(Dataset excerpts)
lemma numerical_semigroup_mult:
  assumes "numerical_semigroup S" "n \<in> S"
  shows "k * n \<in> S"
proof (induction k)
  case 0
  then show ?case
    using assms(1) unfolding numerical_semigroup_def by simp
next
  case (Suc k)
  have "n + k * n \<in> S"
    using assms Suc unfolding numerical_semigroup_def by blast
  then show ?case
    by simp
qed

lemma numerical_semigroup_ge_in:
  assumes "numerical_semigroup S"
  obtains N where "\<And>x. N \<le> x \<Longrightarrow> x \<in> S"
proof -
  have "finite (UNIV - S)"
    using assms unfolding numerical_semigroup_def by simp
  then obtain N where "\<forall>x\<in>UNIV - S. x < N"
    unfolding finite_nat_set_iff_bounded by blast
  then have "x \<in> S" if "N \<le> x" for x
    using that by (meson DiffI UNIV_I not_le)
  then show thesis
    using that by blast
qed

lemma multiplicity_le: "x \<in> S \<Longrightarrow> 0 < x \<Longrightarrow> multiplicity S \<le> x"
  unfolding multiplicity_def by (rule Least_le) simp

lemma multiplicity_pos:
  assumes "numerical_semigroup S"
  shows "0 < multiplicity S"
proof -
  obtain N where "\<And>x. N \<le> x \<Longrightarrow> x \<in> S"
    using numerical_semigroup_ge_in[OF assms] by blast
  then have "Suc N \<in> S \<and> 0 < Suc N"
    by simp
  then have "multiplicity S \<in> S \<and> 0 < multiplicity S"
    unfolding multiplicity_def by (rule LeastI)
  then show ?thesis
    by simp
qed

lemma multiplicity_is_msg:
  assumes "is_msg S A" "finite A" "A \<noteq> {}"
  shows "multiplicity S = Min A"
  unfolding multiplicity_def
proof (rule Least_equality)
  have "Min A \<in> A"
    using assms(2,3) by simp
  then show "Min A \<in> S \<and> 0 < Min A"
    using assms(1) is_msg_zero_notin generators_subset_monoid_gen
    unfolding is_msg_def by (metis gr0I subsetD)
  show "Min A \<le> x" if "x \<in> S \<and> 0 < x" for x
    using that assms(1,2) monoid_gen_ge_Min unfolding is_msg_def by blast
qed

lemma apery_w_in:
  assumes "numerical_semigroup S" "0 < n"
  shows "apery_w S n i \<in> S" and "apery_w S n i mod n = i mod n"
proof -
  obtain N where N: "\<And>x. N \<le> x \<Longrightarrow> x \<in> S"
    using numerical_semigroup_ge_in[OF assms(1)] by blast
  have "N \<le> i mod n + N * n"
    using assms(2) by (simp add: trans_le_add2)
  then have "i mod n + N * n \<in> S \<and> (i mod n + N * n) mod n = i mod n"
    using N by simp
  then have "apery_w S n i \<in> S \<and> apery_w S n i mod n = i mod n"
    unfolding apery_w_def by (rule LeastI)
  then show "apery_w S n i \<in> S" and "apery_w S n i mod n = i mod n"
    by auto
qed

lemma apery_w_le: "x \<in> S \<Longrightarrow> x mod n = i mod n \<Longrightarrow> apery_w S n i \<le> x"
  unfolding apery_w_def by (rule Least_le) simp

lemma apery_w_zero: "0 \<in> S \<Longrightarrow> apery_w S n 0 = 0"
  using apery_w_le[of 0 S n 0] by simp

lemma apery_w_pos:
  assumes "numerical_semigroup S" "0 < n" "i mod n \<noteq> 0"
  shows "0 < apery_w S n i"
  using apery_w_in(2)[OF assms(1,2), of i] assms(3) by (metis mod_0 gr0I)

lemma apery_w_summand:
  assumes "numerical_semigroup S" "0 < n" "x \<in> S" "y \<in> S" "x + y = apery_w S n k"
  shows "apery_w S n (x mod n) = x"
proof (rule antisym)
  show "apery_w S n (x mod n) \<le> x"
    using assms(3) by (rule apery_w_le) simp
  let ?v = "apery_w S n (x mod n) + y"
  have "?v \<in> S"
    using assms(1-4) apery_w_in(1) unfolding numerical_semigroup_def by blast
  moreover have "?v mod n = k mod n"
    using apery_w_in[OF assms(1,2)] assms(5) by (metis mod_add_left_eq mod_mod_trivial)
  ultimately have "apery_w S n k \<le> ?v"
    by (rule apery_w_le)
  then show "x \<le> apery_w S n (x mod n)"
    using assms(5) by simp
qed

lemma apery_w_generator:
  assumes "numerical_semigroup S" "is_msg S A" "a \<in> A" "n \<in> S" "0 < n" "a \<noteq> n"
  shows "apery_w S n (a mod n) = a"
proof -
  let ?v = "apery_w S n (a mod n)"
  have "a \<in> S"
    using assms(2,3) generators_subset_monoid_gen unfolding is_msg_def by blast
  then have "?v \<le> a"
    by (rule apery_w_le) simp
  moreover have "?v mod n = a mod n"
    using apery_w_in(2)[OF assms(1,5)] by simp
  ultimately obtain k where k: "a = ?v + k * n"
    by (metis add.commute le_add_diff_inverse mod_eq_dvd_iff_nat dvd_def mult.commute)
  show ?thesis
  proof (cases k)
    case 0
    then show ?thesis using k by simp
  next
    case (Suc j)
    then have "a = n + (?v + j * n)"
      using k by simp
    moreover have "?v + j * n \<in> S"
      using assms(1,4,5) apery_w_in(1) numerical_semigroup_mult
      unfolding numerical_semigroup_def by blast
    ultimately have "?v + j * n = 0"
      using is_msg_irreducible[OF assms(2,3,4)] assms(5) by blast
    then show ?thesis
      using \<open>a = n + (?v + j * n)\<close> assms(6) by simp
  qed
qed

#### [ACTIVITY]
The expected answer is every line in the data above that carries the string "thesis".

#### [RESULT]
  then show thesis
  then show ?thesis
  show ?thesis
    then show ?thesis using k by simp
    then show ?thesis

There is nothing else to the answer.